- Your objective -
The data below is to be copied exactly, line by line.
——————————
lemma rkhs_kernel_combination:
  fixes m :: nat and z :: "nat \<Rightarrow> 'z"
  assumes z: "\<forall>i<m. z i \<in> Zs" and h: "h \<in> H"
  shows "(\<lambda>w. \<Sum>i<m. a i * ksec Zs K (z i) w) \<in> H \<and>
         ip (\<lambda>w. \<Sum>i<m. a i * ksec Zs K (z i) w) h = (\<Sum>i<m. a i * h (z i))"
  using z
proof (induction m)
  case 0
  then show ?case using rkhs_zero rkhs_ip_scale[OF rkhs_zero h, of 0] by simp
next
  case (Suc m)
  let ?F = "\<lambda>w. \<Sum>i<m. a i * ksec Zs K (z i) w"
  let ?k = "\<lambda>w. a m * ksec Zs K (z m) w"
  have F: "?F \<in> H" and Fh: "ip ?F h = (\<Sum>i<m. a i * h (z i))" using Suc by auto
  have zm: "ksec Zs K (z m) \<in> H" using Suc.prems by (simp add: rkhs_ksec)
  then have k: "?k \<in> H" by (rule rkhs_scale)
  have "ip ?k h = a m * h (z m)"
    using rkhs_ip_scale[OF zm h] rkhs_ip_sym[OF zm h] rkhs_reproducing[OF h] Suc.prems by simp
  then show ?case
    using rkhs_add[OF F k] rkhs_ip_add[OF F k h] Fh by simp
qed

lemma rkhs_dual_bound:
  fixes m :: nat and z :: "nat \<Rightarrow> 'z"
  assumes z: "\<forall>i<m. z i \<in> Zs" and h: "h \<in> H"
  shows "2 * (\<Sum>i<m. a i * h (z i)) - (\<Sum>i<m. \<Sum>k<m. a i * a k * K (z i) (z k)) \<le> ip h h"
proof -
  define F where "F = (\<lambda>w. \<Sum>i<m. a i * ksec Zs K (z i) w)"
  have F: "F \<in> H" and Fh: "ip F h = (\<Sum>i<m. a i * h (z i))"
    using rkhs_kernel_combination[OF z h] unfolding F_def by auto
  have "ip F F = (\<Sum>i<m. a i * F (z i))"
    using rkhs_kernel_combination[OF z F] unfolding F_def by simp
  also have "\<dots> = (\<Sum>i<m. \<Sum>k<m. a k * a i * K (z k) (z i))"
    unfolding F_def using z by (simp add: ksec_def sum_distrib_left mult_ac)
  also have "\<dots> = (\<Sum>i<m. \<Sum>k<m. a i * a k * K (z i) (z k))"
    by (rule sum.swap)
  finally have FF: "ip F F = (\<Sum>i<m. \<Sum>k<m. a i * a k * K (z i) (z k))" .
  have hF: "(\<lambda>w. h w - F w) \<in> H" by (rule rkhs_diff[OF h F])
  have "0 \<le> ip (\<lambda>w. h w - F w) (\<lambda>w. h w - F w)" by (rule rkhs_ip_nonneg[OF hF])
  also have "\<dots> = ip h h - 2 * ip F h + ip F F"
    using rkhs_ip_diff[OF h F hF] rkhs_ip_sym[OF h hF] rkhs_ip_sym[OF F hF]
      rkhs_ip_diff[OF h F h] rkhs_ip_diff[OF h F F] rkhs_ip_sym[OF h F] by simp
  finally show ?thesis using Fh FF by simp
qed

lemma rkhs_class_budget:
  assumes fH: "fH \<in> H" and f: "f \<in> H" and norm: "rk_norm ip (\<lambda>z. f z - fH z) \<le> 3 * rk_norm ip fH"
    and sample: "(1 / real n) * (\<Sum>i<n. (f (z i) - fH (z i))\<^sup>2) \<le> \<delta>" and \<delta>: "0 < \<delta>"
  shows "1 / (10 * real n * \<delta>) * (\<Sum>i<n. (f (z i) - fH (z i))\<^sup>2)
         + 1 / (10 * (max (rk_norm ip fH) 1)\<^sup>2) * ip (\<lambda>z. f z - fH z) (\<lambda>z. f z - fH z) \<le> 1"
proof -
  define M where "M = max (rk_norm ip fH) 1"
  define h where "h = (\<lambda>z. f z - fH z)"
  have h: "0 \<le> ip h h"
    using rkhs_ip_nonneg[OF rkhs_diff[OF f fH]] unfolding h_def .
  have "sqrt (ip h h) \<le> 3 * M"
    using norm max.cobounded1[of "rk_norm ip fH" 1] unfolding h_def M_def rk_norm_def by linarith
  then have "ip h h \<le> (3 * M)\<^sup>2"
    using h power_mono[OF \<open>sqrt (ip h h) \<le> 3 * M\<close>, of 2] by simp
  then have norm_part: "1 / (10 * M\<^sup>2) * ip h h \<le> 9 / 10"
    by (simp add: M_def power_mult_distrib field_simps)
  have "1 / (10 * real n * \<delta>) * (\<Sum>i<n. (f (z i) - fH (z i))\<^sup>2)
      = (1 / real n * (\<Sum>i<n. (f (z i) - fH (z i))\<^sup>2)) / (10 * \<delta>)"
    by simp
  moreover have "\<dots> \<le> \<delta> / (10 * \<delta>)"
    using \<delta> by (intro divide_right_mono[OF sample]) simp
  ultimately have "1 / (10 * real n * \<delta>) * (\<Sum>i<n. (f (z i) - fH (z i))\<^sup>2) \<le> 1 / 10"
    using \<delta> by simp
  with norm_part show ?thesis unfolding M_def h_def by linarith
qed

lemma rkhs_class_in_weighted_ellipsoid:
  assumes z: "\<forall>i<n. z i \<in> Zs" and fH: "fH \<in> H" and \<delta>: "0 < \<delta>"
    and f: "f \<in> H \<and> rk_norm ip (\<lambda>z. f z - fH z) \<le> 3 * rk_norm ip fH
             \<and> (1 / real n) * (\<Sum>i<n. (f (z i) - fH (z i))\<^sup>2) \<le> \<delta>"
  shows "in_weighted_ellipsoid n (\<lambda>i k. K (z i) (z k))
           (1 / (10 * real n * \<delta>)) (1 / (10 * (max (rk_norm ip fH) 1)\<^sup>2)) (\<lambda>i. f (z i) - fH (z i))"
  unfolding in_weighted_ellipsoid_def
proof (intro exI conjI allI)
  have h: "(\<lambda>z. f z - fH z) \<in> H" using rkhs_diff f fH by blast
  show "2 * (\<Sum>i<n. a i * (f (z i) - fH (z i))) - (\<Sum>i<n. \<Sum>k<n. a i * a k * K (z i) (z k))
      \<le> ip (\<lambda>z. f z - fH z) (\<lambda>z. f z - fH z)" for a
    using rkhs_dual_bound[OF z h, of a] by simp
  show "1 / (10 * real n * \<delta>) * (\<Sum>i<n. (f (z i) - fH (z i))\<^sup>2)
      + 1 / (10 * (max (rk_norm ip fH) 1)\<^sup>2) * ip (\<lambda>z. f z - fH z) (\<lambda>z. f z - fH z) \<le> 1"
    using rkhs_class_budget[OF fH _ _ _ \<delta>] f by blast
qed

end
——————————
- Written solution -
lemma rkhs_kernel_combination:
  fixes m :: nat and z :: "nat \<Rightarrow> 'z"
  assumes z: "\<forall>i<m. z i \<in> Zs" and h: "h \<in> H"
  shows "(\<lambda>w. \<Sum>i<m. a i * ksec Zs K (z i) w) \<in> H \<and>
         ip (\<lambda>w. \<Sum>i<m. a i * ksec Zs K (z i) w) h = (\<Sum>i<m. a i * h (z i))"
  using z
proof (induction m)
  case 0
  then show ?case using rkhs_zero rkhs_ip_scale[OF rkhs_zero h, of 0] by simp
next
  case (Suc m)
  let ?F = "\<lambda>w. \<Sum>i<m. a i * ksec Zs K (z i) w"
  let ?k = "\<lambda>w. a m * ksec Zs K (z m) w"
  have F: "?F \<in> H" and Fh: "ip ?F h = (\<Sum>i<m. a i * h (z i))" using Suc by auto
  have zm: "ksec Zs K (z m) \<in> H" using Suc.prems by (simp add: rkhs_ksec)
  then have k: "?k \<in> H" by (rule rkhs_scale)
  have "ip ?k h = a m * h (z m)"
    using rkhs_ip_scale[OF zm h] rkhs_ip_sym[OF zm h] rkhs_reproducing[OF h] Suc.prems by simp
  then show ?case
    using rkhs_add[OF F k] rkhs_ip_add[OF F k h] Fh by simp
qed

lemma rkhs_dual_bound:
  fixes m :: nat and z :: "nat \<Rightarrow> 'z"
  assumes z: "\<forall>i<m. z i \<in> Zs" and h: "h \<in> H"
  shows "2 * (\<Sum>i<m. a i * h (z i)) - (\<Sum>i<m. \<Sum>k<m. a i * a k * K (z i) (z k)) \<le> ip h h"
proof -
  define F where "F = (\<lambda>w. \<Sum>i<m. a i * ksec Zs K (z i) w)"
  have F: "F \<in> H" and Fh: "ip F h = (\<Sum>i<m. a i * h (z i))"
    using rkhs_kernel_combination[OF z h] unfolding F_def by auto
  have "ip F F = (\<Sum>i<m. a i * F (z i))"
    using rkhs_kernel_combination[OF z F] unfolding F_def by simp
  also have "\<dots> = (\<Sum>i<m. \<Sum>k<m. a k * a i * K (z k) (z i))"
    unfolding F_def using z by (simp add: ksec_def sum_distrib_left mult_ac)
  also have "\<dots> = (\<Sum>i<m. \<Sum>k<m. a i * a k * K (z i) (z k))"
    by (rule sum.swap)
  finally have FF: "ip F F = (\<Sum>i<m. \<Sum>k<m. a i * a k * K (z i) (z k))" .
  have hF: "(\<lambda>w. h w - F w) \<in> H" by (rule rkhs_diff[OF h F])
  have "0 \<le> ip (\<lambda>w. h w - F w) (\<lambda>w. h w - F w)" by (rule rkhs_ip_nonneg[OF hF])
  also have "\<dots> = ip h h - 2 * ip F h + ip F F"
    using rkhs_ip_diff[OF h F hF] rkhs_ip_sym[OF h hF] rkhs_ip_sym[OF F hF]
      rkhs_ip_diff[OF h F h] rkhs_ip_diff[OF h F F] rkhs_ip_sym[OF h F] by simp
  finally show ?thesis using Fh FF by simp
qed

lemma rkhs_class_budget:
  assumes fH: "fH \<in> H" and f: "f \<in> H" and norm: "rk_norm ip (\<lambda>z. f z - fH z) \<le> 3 * rk_norm ip fH"
    and sample: "(1 / real n) * (\<Sum>i<n. (f (z i) - fH (z i))\<^sup>2) \<le> \<delta>" and \<delta>: "0 < \<delta>"
  shows "1 / (10 * real n * \<delta>) * (\<Sum>i<n. (f (z i) - fH (z i))\<^sup>2)
         + 1 / (10 * (max (rk_norm ip fH) 1)\<^sup>2) * ip (\<lambda>z. f z - fH z) (\<lambda>z. f z - fH z) \<le> 1"
proof -
  define M where "M = max (rk_norm ip fH) 1"
  define h where "h = (\<lambda>z. f z - fH z)"
  have h: "0 \<le> ip h h"
    using rkhs_ip_nonneg[OF rkhs_diff[OF f fH]] unfolding h_def .
  have "sqrt (ip h h) \<le> 3 * M"
    using norm max.cobounded1[of "rk_norm ip fH" 1] unfolding h_def M_def rk_norm_def by linarith
  then have "ip h h \<le> (3 * M)\<^sup>2"
    using h power_mono[OF \<open>sqrt (ip h h) \<le> 3 * M\<close>, of 2] by simp
  then have norm_part: "1 / (10 * M\<^sup>2) * ip h h \<le> 9 / 10"
    by (simp add: M_def power_mult_distrib field_simps)
  have "1 / (10 * real n * \<delta>) * (\<Sum>i<n. (f (z i) - fH (z i))\<^sup>2)
      = (1 / real n * (\<Sum>i<n. (f (z i) - fH (z i))\<^sup>2)) / (10 * \<delta>)"
    by simp
  moreover have "\<dots> \<le> \<delta> / (10 * \<delta>)"
    using \<delta> by (intro divide_right_mono[OF sample]) simp
  ultimately have "1 / (10 * real n * \<delta>) * (\<Sum>i<n. (f (z i) - fH (z i))\<^sup>2) \<le> 1 / 10"
    using \<delta> by simp
  with norm_part show ?thesis unfolding M_def h_def by linarith
qed

lemma rkhs_class_in_weighted_ellipsoid:
  assumes z: "\<forall>i<n. z i \<in> Zs" and fH: "fH \<in> H" and \<delta>: "0 < \<delta>"
    and f: "f \<in> H \<and> rk_norm ip (\<lambda>z. f z - fH z) \<le> 3 * rk_norm ip fH
             \<and> (1 / real n) * (\<Sum>i<n. (f (z i) - fH (z i))\<^sup>2) \<le> \<delta>"
  shows "in_weighted_ellipsoid n (\<lambda>i k. K (z i) (z k))
           (1 / (10 * real n * \<delta>)) (1 / (10 * (max (rk_norm ip fH) 1)\<^sup>2)) (\<lambda>i. f (z i) - fH (z i))"
  unfolding in_weighted_ellipsoid_def
proof (intro exI conjI allI)
  have h: "(\<lambda>z. f z - fH z) \<in> H" using rkhs_diff f fH by blast
  show "2 * (\<Sum>i<n. a i * (f (z i) - fH (z i))) - (\<Sum>i<n. \<Sum>k<n. a i * a k * K (z i) (z k))
      \<le> ip (\<lambda>z. f z - fH z) (\<lambda>z. f z - fH z)" for a
    using rkhs_dual_bound[OF z h, of a] by simp
  show "1 / (10 * real n * \<delta>) * (\<Sum>i<n. (f (z i) - fH (z i))\<^sup>2)
      + 1 / (10 * (max (rk_norm ip fH) 1)\<^sup>2) * ip (\<lambda>z. f z - fH z) (\<lambda>z. f z - fH z) \<le> 1"
    using rkhs_class_budget[OF fH _ _ _ \<delta>] f by blast
qed

end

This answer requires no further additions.